More bad news on the climate front, and thus, more reason to step up the pressure on the likes of Donald Trump, Scott Morrison, Jair Bolsanaro to act urgently—a new study shows that the ability of tropical forests to soak up carbon emissions is falling. They will soon no longer be ‘carbon sinks’, and this portends an accelerated climate crisis. Indeed, the Amazonian rainforests could soon become a source of emission, given the Bolsanaro-supported logging and degradation for farming. This means the room for emissions could shrink drastically, which, in effect, means that developing and least developed nations could find it incredibly difficult—in fact, impossible—to lift their people out of poverty through growth, which largely remains hydrocarbon-energy fuelled today.

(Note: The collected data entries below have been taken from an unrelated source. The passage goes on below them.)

lemma cauchy_transform_has_field_derivative:
  assumes "finite_measure M" and "sets M = sets borel"
    and K: "closed K" "K \<noteq> {}" and AE: "AE s in M. s \<in> K"
    and z0: "z0 \<notin> complex_of_real ` K"
  shows "(cauchy_transform M has_field_derivative - (\<integral>s. 1 / (z0 - of_real s)^2 \<partial>M)) (at z0)"
proof -
  define d where "d = infdist z0 (complex_of_real ` K)"
  have "closed (complex_of_real ` K)"
    using K(1) by (intro closed_injective_linear_image) (auto simp: inj_def)
  then have d: "d > 0"
    unfolding d_def using K(2) z0 by (intro infdist_pos_not_in_closed) auto
  have far: "AE s in M. d \<le> cmod (z0 - of_real s) \<and> d / 2 \<le> cmod (z - of_real s)"
    if z: "cmod (z - z0) < d / 2" for z
    using AE
  proof (rule eventually_mono)
    fix s assume "s \<in> K"
    then have "d \<le> cmod (z0 - of_real s)"
      unfolding d_def using infdist_le[of "of_real s" "complex_of_real ` K" z0]
      by (auto simp: dist_norm)
    moreover have "cmod (z0 - of_real s) \<le> cmod (z - of_real s) + cmod (z - z0)"
      using norm_triangle_ineq4[of "z - of_real s" "z - z0"] by simp
    ultimately show "d \<le> cmod (z0 - of_real s) \<and> d / 2 \<le> cmod (z - of_real s)"
      using z by linarith
  qed
  show ?thesis
    unfolding has_field_derivative_iff
  proof (subst Lim_null, rule Lim_null_comparison)
    show "\<forall>\<^sub>F z in at z0. cmod ((cauchy_transform M z - cauchy_transform M z0) / (z - z0)
        - - (\<integral>s. 1 / (z0 - of_real s)^2 \<partial>M)) \<le> 2 / d^3 * measure M (space M) * cmod (z - z0)"
      unfolding eventually_at using d cauchy_transform_difference_quotient_bound[OF assms(1,2) d _ far]
      by (intro exI[of _ "d / 2"]) (auto simp: dist_norm)
    show "((\<lambda>z. 2 / d^3 * measure M (space M) * cmod (z - z0)) \<longlongrightarrow> 0) (at z0)"
      by (rule tendsto_eq_intros refl | simp)+
  qed
qed

lemma cauchy_transform_holomorphic:
  assumes "finite_measure M" "sets M = sets borel" "closed K" "K \<noteq> {}" "AE s in M. s \<in> K"
  shows "cauchy_transform M holomorphic_on - (complex_of_real ` K)"
proof -
  have "closed (complex_of_real ` K)"
    using assms(3) by (intro closed_injective_linear_image) (auto simp: inj_def)
  then have "open (- complex_of_real ` K)"
    by blast
  then show ?thesis
    unfolding holomorphic_on_open[OF \<open>open _\<close>]
    using cauchy_transform_has_field_derivative[OF assms] by blast
qed

lemma norm_kernel_ratio_sub_1_le:
  fixes z1 z2 :: complex and s B :: real
  assumes "B > 0" "\<bar>s\<bar> \<le> B" "8 * B \<le> cmod z1" "8 * B \<le> cmod z2"
  shows "cmod (z1 * z2 / ((z1 - of_real s) * (z2 - of_real s)) - 1) \<le> 1 / 2"
proof -
  define x y where "x = cmod z1" and "y = cmod z2"
  have d1: "x - B \<le> cmod (z1 - of_real s)"
    using norm_triangle_ineq2[of z1 "of_real s"] assms(2) unfolding x_def by simp
  have d2: "y - B \<le> cmod (z2 - of_real s)"
    using norm_triangle_ineq2[of z2 "of_real s"] assms(2) unfolding y_def by simp
  have xy: "x - B > 0" "y - B > 0"
    using assms unfolding x_def y_def by auto
  have nonzero: "(z1 - of_real s) * (z2 - of_real s) \<noteq> 0"
    using d1 d2 xy by auto
  have "z1 * z2 / ((z1 - of_real s) * (z2 - of_real s)) - 1
      = (of_real s * (z1 + z2) - (of_real s)^2) / ((z1 - of_real s) * (z2 - of_real s))"
    using nonzero by (simp add: field_simps power2_eq_square)
  then have "cmod (z1 * z2 / ((z1 - of_real s) * (z2 - of_real s)) - 1)
      = cmod (of_real s * (z1 + z2) - (of_real s)^2) / cmod ((z1 - of_real s) * (z2 - of_real s))"
    by (simp add: norm_divide)
  also have "\<dots> \<le> (B * (x + y) + B^2) / ((x - B) * (y - B))"
  proof (rule frac_le)
    have "cmod (of_real s * (z1 + z2) - (of_real s)^2) \<le> \<bar>s\<bar> * cmod (z1 + z2) + s^2"
      using norm_triangle_ineq4[of "of_real s * (z1 + z2)" "(of_real s)^2"]
      by (simp add: norm_mult norm_power)
    also have "\<dots> \<le> B * (x + y) + B^2"
      using assms(1,2) norm_triangle_ineq[of z1 z2] abs_le_square_iff[of s B]
      unfolding x_def y_def by (intro add_mono mult_mono) auto
    finally show "cmod (of_real s * (z1 + z2) - (of_real s)^2) \<le> B * (x + y) + B^2" .
    show "(x - B) * (y - B) \<le> cmod ((z1 - of_real s) * (z2 - of_real s))"
      using d1 d2 xy by (simp add: norm_mult) (intro mult_mono, auto)
  qed (use xy assms(1) in auto)
  also have "\<dots> \<le> 1 / 2"
  proof -
    have "5 * B \<le> x - 3 * B" "5 * B \<le> y - 3 * B"
      using assms unfolding x_def y_def by auto
    then have "(5 * B) * (5 * B) \<le> (x - 3 * B) * (y - 3 * B)"
      using assms(1) by (intro mult_mono) auto
    then have "2 * (B * (x + y) + B^2) + 15 * B^2 \<le> (x - B) * (y - B)"
      by (simp add: algebra_simps power2_eq_square)
    moreover have "0 \<le> B^2"
      by simp
    ultimately have "2 * (B * (x + y) + B^2) \<le> (x - B) * (y - B)"
      by linarith
    then show ?thesis
      using xy by (simp add: divide_le_eq)
  qed
  finally show ?thesis .
qed

lemma cauchy_transform_diff_eq:
  assumes "finite_measure M" and [measurable_cong]: "sets M = sets borel"
    and AE: "AE s in M. \<bar>s\<bar> \<le> B" and B: "B > 0" and z: "8 * B \<le> cmod z1" "8 * B \<le> cmod z2"
  shows "cauchy_transform M z1 - cauchy_transform M z2
    = (z2 - z1) / (z1 * z2) * (\<integral>s. z1 * z2 / ((z1 - of_real s) * (z2 - of_real s)) \<partial>M)"
proof -
  interpret finite_measure M by fact
  have far: "7 * B \<le> cmod (z - of_real s)" if "8 * B \<le> cmod z" "\<bar>s\<bar> \<le> B" for z s
    using norm_triangle_ineq2[of z "of_real s"] that by simp
  have integrable_kernel: "integrable M (\<lambda>s. 1 / (z - of_real s))" if "8 * B \<le> cmod z" for z
  proof (rule integrable_const_bound[where B="1 / (7 * B)"])
    show "AE s in M. cmod (1 / (z - of_real s)) \<le> 1 / (7 * B)"
      using AE by (rule eventually_mono) (use far[OF that] B in \<open>simp add: norm_divide divide_le_eq\<close>)
  qed measurable
  have "z1 \<noteq> 0" "z2 \<noteq> 0"
    using z B by auto
  have kernel_difference: "1 / a - 1 / b = (z2 - z1) / (z1 * z2) * (z1 * z2 / (a * b))"
    if "a \<noteq> 0" "b \<noteq> 0" "b - a = z2 - z1" for a b
  proof -
    have "1 / a - 1 / b = (b - a) / (a * b)"
      using that by (simp add: field_simps)
    then show ?thesis
      unfolding that(3) using that(1,2) \<open>z1 \<noteq> 0\<close> \<open>z2 \<noteq> 0\<close> by simp
  qed
  have "cauchy_transform M z1 - cauchy_transform M z2
      = (\<integral>s. 1 / (z1 - of_real s) - 1 / (z2 - of_real s) \<partial>M)"
    unfolding cauchy_transform_def using integrable_kernel z by (simp add: integral_diff)
  also have "\<dots> = (\<integral>s. (z2 - z1) / (z1 * z2) * (z1 * z2 / ((z1 - of_real s) * (z2 - of_real s))) \<partial>M)"
  proof (rule integral_cong_AE)
    show "AE s in M. 1 / (z1 - of_real s) - 1 / (z2 - of_real s)
        = (z2 - z1) / (z1 * z2) * (z1 * z2 / ((z1 - of_real s) * (z2 - of_real s)))"
      using AE
    proof (rule eventually_mono)
      fix s assume s: "\<bar>s\<bar> \<le> B"
      have "z1 - of_real s \<noteq> 0" "z2 - of_real s \<noteq> 0"
        using far[OF _ s] z B by fastforce+
      then show "1 / (z1 - of_real s) - 1 / (z2 - of_real s)
          = (z2 - z1) / (z1 * z2) * (z1 * z2 / ((z1 - of_real s) * (z2 - of_real s)))"
        by (intro kernel_difference) auto
    qed
  qed (measurable, measurable)
  also have "\<dots> = (z2 - z1) / (z1 * z2) * (\<integral>s. z1 * z2 / ((z1 - of_real s) * (z2 - of_real s)) \<partial>M)"
    by (rule integral_mult_right_zero)
  finally show ?thesis .
qed

text \<open>The integral in \<open>cauchy_transform_diff_eq\<close> cannot vanish: its integrand has real part
  at least \<open>1/2\<close>.\<close>

lemma cauchy_transform_inj_on_large:
  assumes "finite_measure M" and [measurable_cong]: "sets M = sets borel"
    and AE: "AE s in M. \<bar>s\<bar> \<le> B" and B: "B > 0" and pos: "measure M (space M) > 0"
  shows "inj_on (cauchy_transform M) {z. 8 * B \<le> cmod z}"
proof (rule inj_onI, rule ccontr)
  interpret finite_measure M by fact
  fix z1 z2 assume z1: "z1 \<in> {z. 8 * B \<le> cmod z}" and z2: "z2 \<in> {z. 8 * B \<le> cmod z}"
    and eq: "cauchy_transform M z1 = cauchy_transform M z2" and ne: "z1 \<noteq> z2"
  define P where "P s = z1 * z2 / ((z1 - of_real s) * (z2 - of_real s))" for s
  have P_bounds: "AE s in M. 1 / 2 \<le> Re (P s) \<and> cmod (P s) \<le> 2"
    using AE
  proof (rule eventually_mono)
    fix s assume s: "\<bar>s\<bar> \<le> B"
    have "cmod (P s - 1) \<le> 1 / 2"
      unfolding P_def using norm_kernel_ratio_sub_1_le[OF B s] z1 z2 by simp
    moreover have "\<bar>Re (P s - 1)\<bar> \<le> cmod (P s - 1)"
      by (rule abs_Re_le_cmod)
    moreover have "cmod (P s) \<le> cmod (P s - 1) + 1"
      using norm_triangle_ineq2[of "P s" 1] by simp
    ultimately show "1 / 2 \<le> Re (P s) \<and> cmod (P s) \<le> 2"
      by auto
  qed
  have "P \<in> borel_measurable M"
    unfolding P_def by measurable
  then have integrable_P: "integrable M P"
    using P_bounds by (intro integrable_const_bound[where B=2]) (auto elim: eventually_mono)
  define c where "c = (z2 - z1) / (z1 * z2)"
  have "z1 \<noteq> 0" "z2 \<noteq> 0"
    using z1 z2 B by auto
  then have "c \<noteq> 0"
    unfolding c_def using ne by simp
  have "cauchy_transform M z1 - cauchy_transform M z2 = c * (\<integral>s. P s \<partial>M)"
    unfolding P_def c_def using z1 z2 by (intro cauchy_transform_diff_eq[OF assms(1,2) AE B]) auto
  then have "(\<integral>s. P s \<partial>M) = 0"
    using eq \<open>c \<noteq> 0\<close> by simp
  moreover have "(\<integral>s. 1 / 2 \<partial>M) \<le> (\<integral>s. Re (P s) \<partial>M)"
    using integrable_P P_bounds by (intro integral_mono_AE) (auto elim: eventually_mono)
  ultimately show False
    using pos integrable_P by (simp add: integral_Re[symmetric])
qed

The study, with inputs from nearly 100 scientific institutions, says that the amount of carbon absorbed by the world’s intact tropical forests has fallen by a third from the 1990s—thanks to higher temperatures, droughts, and deforestation. This threat will only grow exponentially, with deteriorating effects of climate change, and increased exploitation, turning tropical forests into a carbon source by the 2060s. It is now, more than ever, important to call out talk of forests offsetting climate change—in the 1990s, these forests sucked out 17% of the emissions from human activity against the current 6%—often forwarded to scale back climate action goals. Climate scientists’ fears of “tipping points” that doom the Earth to apocalyptic global heating may already be getting realised.